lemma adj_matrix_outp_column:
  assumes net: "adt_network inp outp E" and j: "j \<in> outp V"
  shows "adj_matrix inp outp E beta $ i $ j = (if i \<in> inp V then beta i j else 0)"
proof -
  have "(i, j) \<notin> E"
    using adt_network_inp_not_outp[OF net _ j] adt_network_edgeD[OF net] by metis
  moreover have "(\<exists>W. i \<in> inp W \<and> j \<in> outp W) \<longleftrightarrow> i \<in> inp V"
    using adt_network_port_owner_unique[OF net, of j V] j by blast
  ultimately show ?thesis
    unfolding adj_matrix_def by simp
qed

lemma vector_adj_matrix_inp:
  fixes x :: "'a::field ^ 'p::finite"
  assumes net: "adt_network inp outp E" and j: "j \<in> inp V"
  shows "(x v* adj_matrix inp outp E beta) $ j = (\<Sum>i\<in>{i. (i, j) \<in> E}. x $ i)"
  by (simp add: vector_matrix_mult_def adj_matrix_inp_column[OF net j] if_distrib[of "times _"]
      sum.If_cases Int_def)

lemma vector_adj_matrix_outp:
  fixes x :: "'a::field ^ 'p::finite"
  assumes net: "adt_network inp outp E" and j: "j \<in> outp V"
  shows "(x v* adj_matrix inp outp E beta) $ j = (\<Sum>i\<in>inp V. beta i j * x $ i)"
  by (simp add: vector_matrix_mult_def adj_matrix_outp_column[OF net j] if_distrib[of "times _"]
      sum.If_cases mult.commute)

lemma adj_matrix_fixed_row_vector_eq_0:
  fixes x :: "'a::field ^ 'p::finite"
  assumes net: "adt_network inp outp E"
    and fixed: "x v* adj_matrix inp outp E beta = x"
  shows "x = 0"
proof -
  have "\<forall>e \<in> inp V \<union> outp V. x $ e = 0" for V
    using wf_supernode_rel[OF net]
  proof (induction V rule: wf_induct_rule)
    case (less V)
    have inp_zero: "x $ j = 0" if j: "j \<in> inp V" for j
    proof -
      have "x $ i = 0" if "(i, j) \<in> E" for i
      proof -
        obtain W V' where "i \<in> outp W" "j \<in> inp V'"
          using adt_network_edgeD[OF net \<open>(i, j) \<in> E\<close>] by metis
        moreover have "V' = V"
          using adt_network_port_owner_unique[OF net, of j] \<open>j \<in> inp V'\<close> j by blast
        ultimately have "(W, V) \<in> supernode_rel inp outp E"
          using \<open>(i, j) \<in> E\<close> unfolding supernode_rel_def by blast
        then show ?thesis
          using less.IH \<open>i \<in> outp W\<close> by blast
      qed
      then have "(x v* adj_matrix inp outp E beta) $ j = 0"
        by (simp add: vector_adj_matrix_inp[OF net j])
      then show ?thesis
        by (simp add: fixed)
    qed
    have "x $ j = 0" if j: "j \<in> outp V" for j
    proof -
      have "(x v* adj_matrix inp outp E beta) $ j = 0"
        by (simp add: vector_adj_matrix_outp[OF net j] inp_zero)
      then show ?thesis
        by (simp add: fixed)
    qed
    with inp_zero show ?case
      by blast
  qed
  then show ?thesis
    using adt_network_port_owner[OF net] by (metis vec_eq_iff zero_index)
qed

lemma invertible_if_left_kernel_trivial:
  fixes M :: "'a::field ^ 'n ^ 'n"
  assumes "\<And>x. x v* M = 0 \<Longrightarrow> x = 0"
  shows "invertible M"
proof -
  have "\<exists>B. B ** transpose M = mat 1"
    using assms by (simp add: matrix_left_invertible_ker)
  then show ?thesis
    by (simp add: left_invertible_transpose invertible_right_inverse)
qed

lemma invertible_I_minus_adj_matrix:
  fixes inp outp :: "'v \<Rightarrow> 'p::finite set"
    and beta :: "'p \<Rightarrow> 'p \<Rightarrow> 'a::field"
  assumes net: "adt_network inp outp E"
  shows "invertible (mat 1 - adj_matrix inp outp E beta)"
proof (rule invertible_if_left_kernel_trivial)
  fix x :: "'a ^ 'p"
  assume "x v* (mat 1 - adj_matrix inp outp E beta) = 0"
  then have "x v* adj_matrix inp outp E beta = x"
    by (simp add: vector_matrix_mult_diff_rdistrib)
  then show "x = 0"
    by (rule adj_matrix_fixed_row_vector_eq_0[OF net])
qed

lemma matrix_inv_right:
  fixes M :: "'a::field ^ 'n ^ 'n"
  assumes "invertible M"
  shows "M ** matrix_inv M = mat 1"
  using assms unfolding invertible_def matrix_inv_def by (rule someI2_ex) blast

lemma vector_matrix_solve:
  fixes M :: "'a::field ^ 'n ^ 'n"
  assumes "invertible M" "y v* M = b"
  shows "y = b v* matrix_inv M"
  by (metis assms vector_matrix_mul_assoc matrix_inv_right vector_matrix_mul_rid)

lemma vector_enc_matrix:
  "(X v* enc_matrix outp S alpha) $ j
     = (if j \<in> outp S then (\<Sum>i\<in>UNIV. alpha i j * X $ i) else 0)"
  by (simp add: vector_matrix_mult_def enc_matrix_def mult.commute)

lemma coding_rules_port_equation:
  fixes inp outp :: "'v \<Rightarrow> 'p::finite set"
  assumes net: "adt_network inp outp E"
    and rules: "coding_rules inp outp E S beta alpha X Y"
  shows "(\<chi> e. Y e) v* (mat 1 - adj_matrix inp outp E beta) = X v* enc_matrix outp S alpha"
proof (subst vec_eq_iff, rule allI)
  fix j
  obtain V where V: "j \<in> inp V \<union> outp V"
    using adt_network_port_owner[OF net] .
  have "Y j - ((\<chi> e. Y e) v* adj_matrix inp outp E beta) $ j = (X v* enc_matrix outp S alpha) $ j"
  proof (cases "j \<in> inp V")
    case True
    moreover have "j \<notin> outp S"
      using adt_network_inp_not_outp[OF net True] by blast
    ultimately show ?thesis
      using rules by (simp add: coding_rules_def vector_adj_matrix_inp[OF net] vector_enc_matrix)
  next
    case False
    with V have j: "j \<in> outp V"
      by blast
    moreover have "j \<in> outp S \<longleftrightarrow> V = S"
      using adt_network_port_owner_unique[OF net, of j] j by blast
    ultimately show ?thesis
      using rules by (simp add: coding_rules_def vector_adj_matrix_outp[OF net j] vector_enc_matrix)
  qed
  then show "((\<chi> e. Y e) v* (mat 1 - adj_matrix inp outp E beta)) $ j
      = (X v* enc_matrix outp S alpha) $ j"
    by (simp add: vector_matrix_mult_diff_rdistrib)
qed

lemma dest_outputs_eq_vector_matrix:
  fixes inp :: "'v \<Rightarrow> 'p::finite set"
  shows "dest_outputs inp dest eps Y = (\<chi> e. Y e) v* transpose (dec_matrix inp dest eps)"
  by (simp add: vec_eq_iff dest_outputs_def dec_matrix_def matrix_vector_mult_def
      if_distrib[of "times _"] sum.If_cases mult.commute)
-------------------------
Each line above should be duplicated without any alteration.

* Solution to the exercise:
lemma adj_matrix_outp_column:
  assumes net: "adt_network inp outp E" and j: "j \<in> outp V"
  shows "adj_matrix inp outp E beta $ i $ j = (if i \<in> inp V then beta i j else 0)"
proof -
  have "(i, j) \<notin> E"
    using adt_network_inp_not_outp[OF net _ j] adt_network_edgeD[OF net] by metis
  moreover have "(\<exists>W. i \<in> inp W \<and> j \<in> outp W) \<longleftrightarrow> i \<in> inp V"
    using adt_network_port_owner_unique[OF net, of j V] j by blast
  ultimately show ?thesis
    unfolding adj_matrix_def by simp
qed

lemma vector_adj_matrix_inp:
  fixes x :: "'a::field ^ 'p::finite"
  assumes net: "adt_network inp outp E" and j: "j \<in> inp V"
  shows "(x v* adj_matrix inp outp E beta) $ j = (\<Sum>i\<in>{i. (i, j) \<in> E}. x $ i)"
  by (simp add: vector_matrix_mult_def adj_matrix_inp_column[OF net j] if_distrib[of "times _"]
      sum.If_cases Int_def)

lemma vector_adj_matrix_outp:
  fixes x :: "'a::field ^ 'p::finite"
  assumes net: "adt_network inp outp E" and j: "j \<in> outp V"
  shows "(x v* adj_matrix inp outp E beta) $ j = (\<Sum>i\<in>inp V. beta i j * x $ i)"
  by (simp add: vector_matrix_mult_def adj_matrix_outp_column[OF net j] if_distrib[of "times _"]
      sum.If_cases mult.commute)

lemma adj_matrix_fixed_row_vector_eq_0:
  fixes x :: "'a::field ^ 'p::finite"
  assumes net: "adt_network inp outp E"
    and fixed: "x v* adj_matrix inp outp E beta = x"
  shows "x = 0"
proof -
  have "\<forall>e \<in> inp V \<union> outp V. x $ e = 0" for V
    using wf_supernode_rel[OF net]
  proof (induction V rule: wf_induct_rule)
    case (less V)
    have inp_zero: "x $ j = 0" if j: "j \<in> inp V" for j
    proof -
      have "x $ i = 0" if "(i, j) \<in> E" for i
      proof -
        obtain W V' where "i \<in> outp W" "j \<in> inp V'"
          using adt_network_edgeD[OF net \<open>(i, j) \<in> E\<close>] by metis
        moreover have "V' = V"
          using adt_network_port_owner_unique[OF net, of j] \<open>j \<in> inp V'\<close> j by blast
        ultimately have "(W, V) \<in> supernode_rel inp outp E"
          using \<open>(i, j) \<in> E\<close> unfolding supernode_rel_def by blast
        then show ?thesis
          using less.IH \<open>i \<in> outp W\<close> by blast
      qed
      then have "(x v* adj_matrix inp outp E beta) $ j = 0"
        by (simp add: vector_adj_matrix_inp[OF net j])
      then show ?thesis
        by (simp add: fixed)
    qed
    have "x $ j = 0" if j: "j \<in> outp V" for j
    proof -
      have "(x v* adj_matrix inp outp E beta) $ j = 0"
        by (simp add: vector_adj_matrix_outp[OF net j] inp_zero)
      then show ?thesis
        by (simp add: fixed)
    qed
    with inp_zero show ?case
      by blast
  qed
  then show ?thesis
    using adt_network_port_owner[OF net] by (metis vec_eq_iff zero_index)
qed

lemma invertible_if_left_kernel_trivial:
  fixes M :: "'a::field ^ 'n ^ 'n"
  assumes "\<And>x. x v* M = 0 \<Longrightarrow> x = 0"
  shows "invertible M"
proof -
  have "\<exists>B. B ** transpose M = mat 1"
    using assms by (simp add: matrix_left_invertible_ker)
  then show ?thesis
    by (simp add: left_invertible_transpose invertible_right_inverse)
qed

lemma invertible_I_minus_adj_matrix:
  fixes inp outp :: "'v \<Rightarrow> 'p::finite set"
    and beta :: "'p \<Rightarrow> 'p \<Rightarrow> 'a::field"
  assumes net: "adt_network inp outp E"
  shows "invertible (mat 1 - adj_matrix inp outp E beta)"
proof (rule invertible_if_left_kernel_trivial)
  fix x :: "'a ^ 'p"
  assume "x v* (mat 1 - adj_matrix inp outp E beta) = 0"
  then have "x v* adj_matrix inp outp E beta = x"
    by (simp add: vector_matrix_mult_diff_rdistrib)
  then show "x = 0"
    by (rule adj_matrix_fixed_row_vector_eq_0[OF net])
qed

lemma matrix_inv_right:
  fixes M :: "'a::field ^ 'n ^ 'n"
  assumes "invertible M"
  shows "M ** matrix_inv M = mat 1"
  using assms unfolding invertible_def matrix_inv_def by (rule someI2_ex) blast

lemma vector_matrix_solve:
  fixes M :: "'a::field ^ 'n ^ 'n"
  assumes "invertible M" "y v* M = b"
  shows "y = b v* matrix_inv M"
  by (metis assms vector_matrix_mul_assoc matrix_inv_right vector_matrix_mul_rid)

lemma vector_enc_matrix:
  "(X v* enc_matrix outp S alpha) $ j
     = (if j \<in> outp S then (\<Sum>i\<in>UNIV. alpha i j * X $ i) else 0)"
  by (simp add: vector_matrix_mult_def enc_matrix_def mult.commute)

lemma coding_rules_port_equation:
  fixes inp outp :: "'v \<Rightarrow> 'p::finite set"
  assumes net: "adt_network inp outp E"
    and rules: "coding_rules inp outp E S beta alpha X Y"
  shows "(\<chi> e. Y e) v* (mat 1 - adj_matrix inp outp E beta) = X v* enc_matrix outp S alpha"
proof (subst vec_eq_iff, rule allI)
  fix j
  obtain V where V: "j \<in> inp V \<union> outp V"
    using adt_network_port_owner[OF net] .
  have "Y j - ((\<chi> e. Y e) v* adj_matrix inp outp E beta) $ j = (X v* enc_matrix outp S alpha) $ j"
  proof (cases "j \<in> inp V")
    case True
    moreover have "j \<notin> outp S"
      using adt_network_inp_not_outp[OF net True] by blast
    ultimately show ?thesis
      using rules by (simp add: coding_rules_def vector_adj_matrix_inp[OF net] vector_enc_matrix)
  next
    case False
    with V have j: "j \<in> outp V"
      by blast
    moreover have "j \<in> outp S \<longleftrightarrow> V = S"
      using adt_network_port_owner_unique[OF net, of j] j by blast
    ultimately show ?thesis
      using rules by (simp add: coding_rules_def vector_adj_matrix_outp[OF net j] vector_enc_matrix)
  qed
  then show "((\<chi> e. Y e) v* (mat 1 - adj_matrix inp outp E beta)) $ j
      = (X v* enc_matrix outp S alpha) $ j"
    by (simp add: vector_matrix_mult_diff_rdistrib)
qed

lemma dest_outputs_eq_vector_matrix:
  fixes inp :: "'v \<Rightarrow> 'p::finite set"
  shows "dest_outputs inp dest eps Y = (\<chi> e. Y e) v* transpose (dec_matrix inp dest eps)"
  by (simp add: vec_eq_iff dest_outputs_def dec_matrix_def matrix_vector_mult_def
      if_distrib[of "times _"] sum.If_cases mult.commute)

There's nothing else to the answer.